lemma regular_skew_ham_commutant_eq:
  assumes W: "regular_skew_ham p W"
  shows "{X \<in> carrier_mat (2*p) (2*p). skew_hamiltonian p X \<and> X * W = W * X}
    = {poly_mat_eval (2*p) r W | r. \<forall>k\<ge>p. coeff r k = 0}"
proof (intro equalityI subsetI)
  fix X assume "X \<in> {X \<in> carrier_mat (2*p) (2*p). skew_hamiltonian p X \<and> X * W = W * X}"
  then show "X \<in> {poly_mat_eval (2*p) r W | r. \<forall>k\<ge>p. coeff r k = 0}"
    using regular_skew_ham_commutant[OF W] by blast
next
  have ham: "skew_hamiltonian p W" using W unfolding regular_skew_ham_def by simp
  then have Wc: "W \<in> carrier_mat (2*p) (2*p)" unfolding skew_hamiltonian_def by simp
  fix X assume "X \<in> {poly_mat_eval (2*p) r W | r. \<forall>k\<ge>p. coeff r k = 0}"
  then obtain r where X: "X = poly_mat_eval (2*p) r W" by blast
  have "X * W = W * X" unfolding X by (rule poly_mat_eval_intertwine[OF Wc Wc Wc refl, symmetric])
  then show "X \<in> {X \<in> carrier_mat (2*p) (2*p). skew_hamiltonian p X \<and> X * W = W * X}"
    using X Wc skew_hamiltonian_poly_mat_eval[OF ham] by simp
qed

section \<open>Spans of matrix powers\<close>

lemma mat_finsum_index:
  assumes i: "i < n" and j: "j < n" and f: "f \<in> A \<rightarrow> carrier_mat n n"
  shows "finsum (module_mat TYPE(complex) n n) f A $$ (i,j) = (\<Sum>x\<in>A. f x $$ (i,j))"
  using f
proof (induct A rule: infinite_finite_induct)
  case (infinite A)
  interpret V: matrix_vs n n "TYPE(complex)" .
  show ?case using infinite i j by (simp add: V.finsum_infinite)
next
  case empty
  interpret V: matrix_vs n n "TYPE(complex)" .
  show ?case using i j by simp
next
  case (insert x X)
  interpret V: matrix_vs n n "TYPE(complex)" .
  have fX: "f \<in> X \<rightarrow> carrier_mat n n" and fx: "f x \<in> carrier_mat n n" using insert by auto
  have "finsum (module_mat TYPE(complex) n n) f X \<in> carrier_mat n n"
    using V.finsum_closed[OF fX] by simp
  then show ?case
    unfolding V.finsum_insert[OF insert(1,2) fX fx] sum.insert[OF insert(1,2)]
    using insert(3)[OF fX] fx i j by simp
qed
lemma gap_modulus_reflect:
  assumes s: "gap_modulus D s"
  shows "lagged_recursion.gap_modulus (\<lambda>d. - \<Phi> (- d)) D s"
  unfolding lagged_recursion.gap_modulus_def[OF reflect]
proof (intro allI impI)
  fix \<epsilon> :: real assume \<epsilon>: "\<epsilon> > 0"
  have "\<bar>d\<bar> < \<epsilon> / 2" if "\<bar>d\<bar> \<le> D \<and> \<bar>d - - \<Phi> (- d)\<bar> \<le> s \<epsilon>" for d
  proof -
    have "\<bar>- d\<bar> \<le> D \<and> \<bar>- d - \<Phi> (- d)\<bar> \<le> s \<epsilon>" using that by linarith
    then have "\<bar>- d\<bar> < \<epsilon> / 2" using s \<epsilon> unfolding gap_modulus_def by blast
    then show ?thesis by simp
  qed
  then show "0 < s \<epsilon> \<and> s \<epsilon> \<le> \<epsilon> / 2 \<and>
      (\<forall>d. \<bar>d\<bar> \<le> D \<and> \<bar>d - - \<Phi> (- d)\<bar> \<le> s \<epsilon> \<longrightarrow> \<bar>d\<bar> < \<epsilon> / 2)"
    using s \<epsilon> unfolding gap_modulus_def by blast
qed

text \<open>On the compact set \<open>\<epsilon>/2 \<le> \<bar>d\<bar> \<le> D\<close> the continuous defect \<open>\<bar>d - \<Phi> d\<bar>\<close> is positive,
  so it has a positive minimum.\<close>
lemma small_defect_imp_small:
  assumes "\<epsilon> > 0"
  shows "\<exists>\<eta>>0. \<eta> \<le> \<epsilon> / 2 \<and> (\<forall>d. \<bar>d\<bar> \<le> D \<and> \<bar>d - \<Phi> d\<bar> \<le> \<eta> \<longrightarrow> \<bar>d\<bar> < \<epsilon> / 2)"
proof (cases "\<exists>d. \<epsilon> / 2 \<le> \<bar>d\<bar> \<and> \<bar>d\<bar> \<le> D")
  case False
  then show ?thesis using assms by (intro exI[of _ "\<epsilon> / 2"]) force
next
  case True
  define S where "S = cball (0::real) D \<inter> {d. \<epsilon> / 2 \<le> \<bar>d\<bar>}"
  have "compact S" unfolding S_def
    by (intro compact_Int_closed compact_cball closed_Collect_le continuous_intros)
  moreover have "S \<noteq> {}" using True unfolding S_def by auto
  moreover have "continuous_on S (\<lambda>d. \<bar>d - \<Phi> d\<bar>)"
    using continuous_on_subset[OF continuous_\<Phi>, of S] by (intro continuous_intros) auto
  ultimately have "\<exists>d0\<in>S. \<forall>d\<in>S. \<bar>d0 - \<Phi> d0\<bar> \<le> \<bar>d - \<Phi> d\<bar>"
    by (rule continuous_attains_inf)
  then obtain d0 where d0: "d0 \<in> S" "\<And>d. d \<in> S \<Longrightarrow> \<bar>d0 - \<Phi> d0\<bar> \<le> \<bar>d - \<Phi> d\<bar>"
    by blast
  have "d0 \<noteq> 0" using d0(1) assms unfolding S_def by auto
  then have \<mu>: "\<bar>d0 - \<Phi> d0\<bar> > 0" using \<Phi>_pos[of d0] \<Phi>_neg[of d0] by (cases "d0 > 0") auto
  show ?thesis
  proof (intro exI[of _ "min (\<epsilon> / 2) (\<bar>d0 - \<Phi> d0\<bar> / 2)"] conjI allI impI)
    fix d assume d: "\<bar>d\<bar> \<le> D \<and> \<bar>d - \<Phi> d\<bar> \<le> min (\<epsilon> / 2) (\<bar>d0 - \<Phi> d0\<bar> / 2)"
    then have "\<bar>d - \<Phi> d\<bar> \<le> \<bar>d0 - \<Phi> d0\<bar> / 2" by simp
    then have "\<not> \<bar>d0 - \<Phi> d0\<bar> \<le> \<bar>d - \<Phi> d\<bar>" using \<mu> by (smt (verit) field_sum_of_halves)
    then have "d \<notin> S" using d0(2) by blast
    then show "\<bar>d\<bar> < \<epsilon> / 2" using d unfolding S_def by auto
  qed (use assms \<mu> in auto)
qed

lemma gap_modulus_exists: "\<exists>s. gap_modulus D s"
  using small_defect_imp_small[of _ D] unfolding gap_modulus_def by metis

lemma gap_modulus_iterate:
  assumes s: "gap_modulus D s" and "\<epsilon> > 0"
  shows gap_modulus_iterate_pos: "(s ^^ i) \<epsilon> > 0"
    and gap_modulus_iterate_antimono: "i \<le> j \<Longrightarrow> (s ^^ j) \<epsilon> \<le> (s ^^ i) \<epsilon>"
proof -
  show pos: "(s ^^ i) \<epsilon> > 0" for i
    by (induction i) (use s \<open>\<epsilon> > 0\<close> in \<open>auto simp: gap_modulus_def\<close>)
  have "(s ^^ Suc n) \<epsilon> \<le> (s ^^ n) \<epsilon>" for n
    using s pos[of n] unfolding gap_modulus_def by force
  then show "i \<le> j \<Longrightarrow> (s ^^ j) \<epsilon> \<le> (s ^^ i) \<epsilon>"
    by (rule lift_Suc_antimono_le)
qed

text \<open>A value close to the upper bound \<open>b\<close> can only come from a value almost as close: either
  the step went down, or it went up by \<open>\<Phi>(d)\<close> with a defect \<open>d - \<Phi>(d)\<close> so small that \<open>d\<close> is small.\<close>
lemma near_top_backward:
  assumes s: "gap_modulus D s" and j: "k < j" and "Q (j - k) \<le> b"
    and D: "\<bar>Q (j - k) - Q j\<bar> \<le> D" and \<epsilon>: "\<epsilon> > 0" and near: "b - s \<epsilon> \<le> Q (Suc j)"
  shows "b - \<epsilon> \<le> Q j"
proof -
  define d where "d = Q (j - k) - Q j"
  have step: "Q (Suc j) = Q j + \<Phi> d" using Q_step[OF j] d_def by simp
  have s\<epsilon>: "s \<epsilon> \<le> \<epsilon> / 2" "\<forall>d. \<bar>d\<bar> \<le> D \<and> \<bar>d - \<Phi> d\<bar> \<le> s \<epsilon> \<longrightarrow> \<bar>d\<bar> < \<epsilon> / 2"
    using s \<epsilon> unfolding gap_modulus_def by auto
  show ?thesis
  proof (cases "d > 0")
    case True
    have "\<bar>d - \<Phi> d\<bar> \<le> s \<epsilon>" using \<Phi>_pos[OF True] step d_def \<open>Q (j - k) \<le> b\<close> near by auto
    then have "\<bar>d\<bar> < \<epsilon> / 2" using s\<epsilon>(2) D d_def by auto
    then show ?thesis using \<Phi>_pos[OF True] step near s\<epsilon>(1) by auto
  next
    case False
    then have "\<Phi> d \<le> 0" using \<Phi>_neg[of d] \<Phi>_zero by (cases "d = 0") auto
    then show ?thesis using step near s\<epsilon>(1) \<epsilon> by auto
  qed
qed

lemma near_top_backward_iterate:
  assumes s: "gap_modulus D s" and D: "\<And>j. k < j \<Longrightarrow> \<bar>Q (j - k) - Q j\<bar> \<le> D"
    and N: "k < N" and bound: "Q ` {N - k..} \<subseteq> {..b}" and \<epsilon>: "\<epsilon> > 0"
    and near: "b - (s ^^ i) \<epsilon> \<le> Q (N + i)"
  shows "b - \<epsilon> \<le> Q N"
  using N bound \<epsilon> near
proof (induction i arbitrary: N \<epsilon>)
  case (Suc i)
  have "s \<epsilon> > 0" using s Suc.prems(3) unfolding gap_modulus_def by auto
  moreover have "Q ` {Suc N - k..} \<subseteq> {..b}" using Suc.prems(2) by (auto simp: image_subset_iff)
  moreover have "b - (s ^^ i) (s \<epsilon>) \<le> Q (Suc N + i)"
    using Suc.prems(4) by (simp add: funpow_Suc_right del: funpow.simps)
  ultimately have "b - s \<epsilon> \<le> Q (Suc N)" using Suc.IH Suc.prems(1) by simp
  moreover have "Q (N - k) \<le> b" using Suc.prems(2) by auto
  ultimately show ?case using near_top_backward[OF s _ _ D] Suc.prems by auto
qed simp

text \<open>New values near both ends of the range would force \<open>Q N\<close> near both ends.\<close>
lemma window_shrinks:
  assumes s: "gap_modulus D s" and D: "\<And>j. k < j \<Longrightarrow> \<bar>Q (j - k) - Q j\<bar> \<le> D"
    and N: "k < N" and window: "Q ` {N - k..N} \<subseteq> {a..b}"
    and l: "0 < l" "l \<le> b - a"
  defines "\<eta> \<equiv> (s ^^ Suc k) (l / 3)"
  shows "Q ` {Suc N..N + Suc k} \<subseteq> {a..b - \<eta>} \<or> Q ` {Suc N..N + Suc k} \<subseteq> {a + \<eta>..b}"
proof (rule ccontr)
  assume "\<not> ?thesis"
  then obtain i1 i2 where i: "i1 \<in> {Suc N..N + Suc k}" "i2 \<in> {Suc N..N + Suc k}"
    and out: "Q i1 \<notin> {a..b - \<eta>}" "Q i2 \<notin> {a + \<eta>..b}"
    unfolding image_subset_iff by blast
  have tail: "Q ` {N - k..} \<subseteq> {a..b}" by (rule window_bounds_tail[OF N window])
  have \<eta>_le: "\<eta> \<le> (s ^^ (i - N)) (l / 3)" if "i \<in> {Suc N..N + Suc k}" for i
    unfolding \<eta>_def using that by (intro gap_modulus_iterate_antimono[OF s]) (use l in auto)
  have "Q i1 \<in> {a..b}" "Q i2 \<in> {a..b}" using tail i by (auto simp: image_subset_iff)
  then have near: "b - (s ^^ (i1 - N)) (l / 3) \<le> Q (N + (i1 - N))"
    "Q (N + (i2 - N)) \<le> a + (s ^^ (i2 - N)) (l / 3)"
    using \<eta>_le[OF i(1)] \<eta>_le[OF i(2)] out i by auto
  have top: "b - l / 3 \<le> Q N"
    using near_top_backward_iterate[OF s D N _ _ near(1)] tail l by (auto simp: image_subset_iff)
  interpret neg: lagged_recursion "\<lambda>n. - Q n" "\<lambda>d. - \<Phi> (- d)" k by (rule reflect)
  have "- a - l / 3 \<le> - Q N"
  proof (rule neg.near_top_backward_iterate[OF gap_modulus_reflect[OF s] _ N])
    show "\<bar>- Q (j - k) - - Q j\<bar> \<le> D" if "k < j" for j using D[OF that] by simp
    show "(\<lambda>n. - Q n) ` {N - k..} \<subseteq> {..- a}" using tail by (auto simp: image_subset_iff)
    show "- a - (s ^^ (i2 - N)) (l / 3) \<le> - Q (N + (i2 - N))" using near(2) by simp
  qed (use l in simp)
  then show False using top l by auto
qed

lemma window_width_decreases:
  assumes s: "gap_modulus D s" and D: "\<And>j. k < j \<Longrightarrow> \<bar>Q (j - k) - Q j\<bar> \<le> D"
    and window0: "Q ` {1..Suc k} \<subseteq> {a0..b0}" "b0 - a0 \<le> D" and l: "0 < l"
  defines "\<eta> \<equiv> (s ^^ Suc k) (l / 3) :: real"
  shows "\<exists>a b. Q ` {Suc k + i * Suc k - k..Suc k + i * Suc k} \<subseteq> {a..b} \<and>
    (b - a < l \<or> b - a \<le> D - i * \<eta>)"
proof (induction i)
  case 0 show ?case using window0 by auto
next
  case (Suc i)
  let ?N = "Suc k + i * Suc k"
  obtain a b where ab: "Q ` {?N - k..?N} \<subseteq> {a..b}" "b - a < l \<or> b - a \<le> D - i * \<eta>"
    using Suc.IH by blast
  have N: "k < ?N" by simp
  have next_window: "{Suc k + Suc i * Suc k - k..Suc k + Suc i * Suc k} = {Suc ?N..?N + Suc k}"
    by auto
  show ?case
  proof (cases "b - a < l")
    case True
    have "{Suc ?N..?N + Suc k} \<subseteq> {?N - k..}" by auto
    then show ?thesis unfolding next_window using window_bounds_tail[OF N ab(1)] True by blast
  next
    case False
    then have le: "b - a \<le> D - i * \<eta>" "l \<le> b - a" using ab(2) by auto
    from window_shrinks[OF s D N ab(1) l le(2), folded \<eta>_def next_window]
    show ?thesis
    proof
      assume "Q ` {Suc k + Suc i * Suc k - k..Suc k + Suc i * Suc k} \<subseteq> {a..b - \<eta>}"
      then show ?thesis using le(1) by (intro exI[of _ a] exI[of _ "b - \<eta>"]) (simp add: algebra_simps)
    next
      assume "Q ` {Suc k + Suc i * Suc k - k..Suc k + Suc i * Suc k} \<subseteq> {a + \<eta>..b}"
      then show ?thesis using le(1) by (intro exI[of _ "a + \<eta>"] exI[of _ b]) (simp add: algebra_simps)
    qed
  qed
qed

lemma lag_difference_tendsto_zero: "(\<lambda>N. Q (N - k) - Q N) \<longlonglongrightarrow> 0"
proof (rule LIMSEQ_I)
  fix l :: real assume l: "l > 0"
  define a0 where "a0 = Min (Q ` {1..Suc k})"
  define b0 where "b0 = Max (Q ` {1..Suc k})"
  have window0: "Q ` {1..Suc k} \<subseteq> {a0..b0}"
    unfolding a0_def b0_def by (auto intro!: Min_le Max_ge)
  have tail0: "Q ` {1..} \<subseteq> {a0..b0}" using window_bounds_tail[of "Suc k"] window0 by simp
  have D: "\<bar>Q (j - k) - Q j\<bar> \<le> b0 - a0" if "k < j" for j
  proof -
    have "Q (j - k) \<in> {a0..b0}" "Q j \<in> {a0..b0}" using tail0 that by (auto simp: image_subset_iff)
    then show ?thesis by auto
  qed
  obtain s where s: "gap_modulus (b0 - a0) s" using gap_modulus_exists by blast
  define \<eta> where "\<eta> = (s ^^ Suc k) (l / 3)"
  have "\<eta> > 0" unfolding \<eta>_def by (rule gap_modulus_iterate_pos[OF s]) (use l in simp)
  then obtain i :: nat where i: "b0 - a0 < i * \<eta>" using reals_Archimedean3 by blast
  let ?N = "Suc k + i * Suc k"
  obtain a b where ab: "Q ` {?N - k..?N} \<subseteq> {a..b}" "b - a < l \<or> b - a \<le> b0 - a0 - i * \<eta>"
    using window_width_decreases[OF s D window0 order.refl l, of i] unfolding \<eta>_def by blast
  have "?N \<in> {?N - k..?N}" by simp
  then have "a \<le> b" using ab(1) by force
  then have "b - a < l" using ab(2) i by linarith
  have tail: "Q ` {?N - k..} \<subseteq> {a..b}" by (rule window_bounds_tail[OF _ ab(1)]) simp
  have "\<bar>Q (N - k) - Q N\<bar> < l" if "?N \<le> N" for N
  proof -
    have "Q (N - k) \<in> {a..b}" "Q N \<in> {a..b}" using tail that by (auto simp: image_subset_iff)
    then show ?thesis using \<open>b - a < l\<close> by auto
  qed
  then show "\<exists>N0. \<forall>N\<ge>N0. norm (Q (N - k) - Q N - 0) < l" by auto
qed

-*-

■ AIM OF THE TASK: Output the material above exactly, but only from the line that carries "i) \<epsilon> \<le>" through the line that carries "a - l / 3 \<le>".

■ ANSWER SECTION:
    and near: "b - (s ^^ i) \<epsilon> \<le> Q (N + i)"
  shows "b - \<epsilon> \<le> Q N"
  using N bound \<epsilon> near
proof (induction i arbitrary: N \<epsilon>)
  case (Suc i)
  have "s \<epsilon> > 0" using s Suc.prems(3) unfolding gap_modulus_def by auto
  moreover have "Q ` {Suc N - k..} \<subseteq> {..b}" using Suc.prems(2) by (auto simp: image_subset_iff)
  moreover have "b - (s ^^ i) (s \<epsilon>) \<le> Q (Suc N + i)"
    using Suc.prems(4) by (simp add: funpow_Suc_right del: funpow.simps)
  ultimately have "b - s \<epsilon> \<le> Q (Suc N)" using Suc.IH Suc.prems(1) by simp
  moreover have "Q (N - k) \<le> b" using Suc.prems(2) by auto
  ultimately show ?case using near_top_backward[OF s _ _ D] Suc.prems by auto
qed simp

text \<open>New values near both ends of the range would force \<open>Q N\<close> near both ends.\<close>
lemma window_shrinks:
  assumes s: "gap_modulus D s" and D: "\<And>j. k < j \<Longrightarrow> \<bar>Q (j - k) - Q j\<bar> \<le> D"
    and N: "k < N" and window: "Q ` {N - k..N} \<subseteq> {a..b}"
    and l: "0 < l" "l \<le> b - a"
  defines "\<eta> \<equiv> (s ^^ Suc k) (l / 3)"
  shows "Q ` {Suc N..N + Suc k} \<subseteq> {a..b - \<eta>} \<or> Q ` {Suc N..N + Suc k} \<subseteq> {a + \<eta>..b}"
proof (rule ccontr)
  assume "\<not> ?thesis"
  then obtain i1 i2 where i: "i1 \<in> {Suc N..N + Suc k}" "i2 \<in> {Suc N..N + Suc k}"
    and out: "Q i1 \<notin> {a..b - \<eta>}" "Q i2 \<notin> {a + \<eta>..b}"
    unfolding image_subset_iff by blast
  have tail: "Q ` {N - k..} \<subseteq> {a..b}" by (rule window_bounds_tail[OF N window])
  have \<eta>_le: "\<eta> \<le> (s ^^ (i - N)) (l / 3)" if "i \<in> {Suc N..N + Suc k}" for i
    unfolding \<eta>_def using that by (intro gap_modulus_iterate_antimono[OF s]) (use l in auto)
  have "Q i1 \<in> {a..b}" "Q i2 \<in> {a..b}" using tail i by (auto simp: image_subset_iff)
  then have near: "b - (s ^^ (i1 - N)) (l / 3) \<le> Q (N + (i1 - N))"
    "Q (N + (i2 - N)) \<le> a + (s ^^ (i2 - N)) (l / 3)"
    using \<eta>_le[OF i(1)] \<eta>_le[OF i(2)] out i by auto
  have top: "b - l / 3 \<le> Q N"
    using near_top_backward_iterate[OF s D N _ _ near(1)] tail l by (auto simp: image_subset_iff)
  interpret neg: lagged_recursion "\<lambda>n. - Q n" "\<lambda>d. - \<Phi> (- d)" k by (rule reflect)
  have "- a - l / 3 \<le> - Q N"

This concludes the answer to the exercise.